It's also praised in the current
Sight & Sound - which doesn't do star ratings or grades, but it would probably be four stars or a strong B if it did.
The main criticisms in Philip Kemp's review are that it doesn't quite expunge memories of the BBC version, which had the major advantage of more than double the running time in which to encapsulate a complex and convoluted narrative (he complains that the film's conclusion is a tad rushed as a result of this abbreviation), but he's also firm about the new film's strengths.

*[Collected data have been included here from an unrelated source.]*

(* There exist universal constants $C,C'>0$ such that for every $m>0$, every $\beta\in(0,1/3)$, every $\epsilon\in(0,1)$, every odd $n\in\mathbb{N}$ with $n\epsilon\ge C\ln(1/\beta)$, and every $D\in\mathcal{CTM}$, setting $\alpha^*=1/(n\epsilon)$, with probability at least $1-\beta$, $$p_{\alpha^*}(D,\mathtt{DPExpMed}_{\alpha^*}(D))\le\frac{C'}{\epsilon}\ln\frac1\beta.$$
   Context: $V=[-m/2,m/2]$. A dataset is $D=(x_1,\dots,x_n)\in V^n$, indexed so that $x_1\le\dots\le x_n$, with median $\mathcal{T}(D)=x_{\lceil n/2\rceil}$. $\mathcal{CTM}$ is the set of datasets with $|x_{i+1}-x_i|\ge|x_{j+1}-x_j|$ for all $1\le i<j\le\lceil n/2\rceil-1$ and $|x_i-x_{i-1}|\ge|x_j-x_{j-1}|$ for all $\lceil n/2\rceil+1\le j<i\le n$. The percentile loss $q(D,a)$ for $a\in V$ is: $\min\{|\lceil n/2\rceil-i|: a\in[x_i,\mathcal{T}(D)]\}$ if $a\in[x_1,\mathcal{T}(D)]$; $\min\{|\lceil n/2\rceil-i|: a\in[\mathcal{T}(D),x_i]\}$ if $a\in(\mathcal{T}(D),x_n]$; $\lceil n/2\rceil$ otherwise. The widened loss is $p_\alpha(D,\ell)=\min_{a\in V:|a-\ell|\le\alpha m}q(D,a)$. $\mathtt{DPExpMed}_\alpha(D)$ is the random point of $V$ with density proportional to $\exp(-\frac{\epsilon}{2}p_\alpha(D,\ell))$. *)

theory Defs
  imports "HOL-Analysis.Analysis"
begin

text \<open>A dataset of size n is a function x :: nat => real on indices 1..n
  (values outside are irrelevant), sorted, with values in V = [-m/2, m/2].\<close>

definition Vset :: "real \<Rightarrow> real set" where
  "Vset m = {-m/2 .. m/2}"

definition midx :: "nat \<Rightarrow> nat" where
  "midx n = nat \<lceil>real n / 2\<rceil>"

definition is_dataset :: "real \<Rightarrow> nat \<Rightarrow> (nat \<Rightarrow> real) \<Rightarrow> bool" where
  "is_dataset m n x \<longleftrightarrow> (\<forall>i\<in>{1..n}. x i \<in> Vset m) \<and>
     (\<forall>i j. 1 \<le> i \<longrightarrow> i \<le> j \<longrightarrow> j \<le> n \<longrightarrow> x i \<le> x j)"

definition median :: "nat \<Rightarrow> (nat \<Rightarrow> real) \<Rightarrow> real" where
  "median n x = x (midx n)"

definition in_CTM :: "real \<Rightarrow> nat \<Rightarrow> (nat \<Rightarrow> real) \<Rightarrow> bool" where
  "in_CTM m n x \<longleftrightarrow> is_dataset m n x \<and>
     (\<forall>i j. 1 \<le> i \<longrightarrow> i < j \<longrightarrow> j \<le> midx n - 1 \<longrightarrow>
        \<bar>x (i+1) - x i\<bar> \<ge> \<bar>x (j+1) - x j\<bar>) \<and>
     (\<forall>i j. midx n + 1 \<le> j \<longrightarrow> j < i \<longrightarrow> i \<le> n \<longrightarrow>
        \<bar>x i - x (i-1)\<bar> \<ge> \<bar>x j - x (j-1)\<bar>)"

definition idist :: "nat \<Rightarrow> nat \<Rightarrow> nat" where
  "idist k i = nat \<bar>int k - int i\<bar>"

definition qloss :: "nat \<Rightarrow> (nat \<Rightarrow> real) \<Rightarrow> real \<Rightarrow> nat" where
  "qloss n x a =
    (if x 1 \<le> a \<and> a \<le> median n x then
       Min {idist (midx n) i | i. i \<in> {1..n} \<and> x i \<le> a \<and> a \<le> median n x}
     else if median n x < a \<and> a \<le> x n then
       Min {idist (midx n) i | i. i \<in> {1..n} \<and> median n x \<le> a \<and> a \<le> x i}
     else midx n)"

definition ploss :: "real \<Rightarrow> nat \<Rightarrow> (nat \<Rightarrow> real) \<Rightarrow> real \<Rightarrow> real \<Rightarrow> nat" where
  "ploss m n x \<alpha> l = Inf {qloss n x a | a. a \<in> Vset m \<and> \<bar>a - l\<bar> \<le> \<alpha> * m}"

text \<open>Unnormalised density of DPExpMed_alpha(D) on V.\<close>
definition expmed_weight :: "real \<Rightarrow> real \<Rightarrow> nat \<Rightarrow> (nat \<Rightarrow> real) \<Rightarrow> real \<Rightarrow> real \<Rightarrow> real" where
  "expmed_weight \<epsilon> m n x \<alpha> l = exp (- (\<epsilon> / 2) * real (ploss m n x \<alpha> l))"

text \<open>Probability that DPExpMed_alpha(D) lies in S (density normalised over V).\<close>
definition expmed_prob ::
  "real \<Rightarrow> real \<Rightarrow> nat \<Rightarrow> (nat \<Rightarrow> real) \<Rightarrow> real \<Rightarrow> real set \<Rightarrow> real" where
  "expmed_prob \<epsilon> m n x \<alpha> S =
     integral (Vset m \<inter> S) (expmed_weight \<epsilon> m n x \<alpha>) / integral (Vset m) (expmed_weight \<epsilon> m n x \<alpha>)"

end

theory Submission
  imports Defs
begin

(* Write k = midx n, so n = 2k - 1.  The CTM condition says that the gaps between consecutive
   data points shrink towards the median; hence the j gaps next to the median cover at most a
   j/(k - 1) fraction of the data range, which is at most m.  So the percentile loss of a point
   at distance d from the median is at least (k - 1) d / m, and the widened loss is at least
   (k - 1) (d - alpha m) / m, while it vanishes within alpha m of the median.  The weight
   exp (-eps/2 p) therefore has mass at least alpha m = m / (n eps) on V, whereas the points of
   loss above T = 20 ln(1/beta) / eps carry mass at most
   exp (-eps T / 4) (2 alpha m + 8 m / (eps (k - 1))) = beta^5 (2 alpha m + 8 m / (eps (k - 1))),
   a beta fraction of the former once n eps >= 2 ln(1/beta). *)

lemma sum_head_average_le:
  fixes g :: "nat \<Rightarrow> real"
  assumes mono: "\<And>i j. a \<le> i \<Longrightarrow> i \<le> j \<Longrightarrow> j < b \<Longrightarrow> g i \<le> g j"
    and s: "a \<le> s" "s \<le> b"
  shows "real (b - a) * (\<Sum>i=a..<s. g i) \<le> real (s - a) * (\<Sum>i=a..<b. g i)"
proof -
  define H where "H = (\<Sum>i=a..<s. g i)"
  define T where "T = (\<Sum>j=s..<b. g j)"
  have "real (b - s) * H = (\<Sum>i=a..<s. \<Sum>j=s..<b. g i)"
    by (simp add: H_def sum_distrib_left mult.commute)
  also have "\<dots> \<le> (\<Sum>i=a..<s. \<Sum>j=s..<b. g j)"
    using mono by (intro sum_mono) auto
  also have "\<dots> = real (s - a) * T"
    by (simp add: T_def)
  finally have "real (b - s) * H \<le> real (s - a) * T" .
  moreover have "(\<Sum>i=a..<b. g i) = H + T"
    unfolding H_def T_def using s by (simp add: sum.atLeastLessThan_concat)
  moreover have "real (b - a) = real (s - a) + real (b - s)"
    using s by simp
  ultimately show ?thesis
    unfolding H_def[symmetric] by (simp add: algebra_simps)
qed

I particularly liked his take on Gary Oldman's performance:
Philip Kemp wrote:
Given that Alec Guinness's performance as Smiley is reckoned a peak of his career, much of the interest focuses on Gary Oldman's reinterpretation of the role. He's a harder-edged actor than Guinness, with none of his predecessor's knack for emollient self-effacement. (In the novel, le Carré describes Smiley as "by appearance one of London's meek who do not inherit the earth", which sums up Guinness's portrayal to perfection.) Oldman's Smiley shares the quiet watchfulness, the use of silence to unnerve and elicit the information he's after; but his reading of the character is tougher, more abrasive, now and then allowing his contempt to show through the mask of discreet reticence. Where Guinness's Smiley always seemed internally gnawed by the consciousness of his wife's multiple infidelities, Oldman gives the impression that cuckoldry has simply become part of his prevailing climate - regrettable but not worthy of preoccupation. It's even possible - as it never was with Guinness - to imagine him getting his own back with the occasional fling on the side.
In an interview elsewhere in the magazine, Oldman says that his Eureka moment when wondering how to pull off a convincing alternative to Guinness (a performance he'd admired since its original broadcast) was to base Smiley's voice on that of le Carré himself.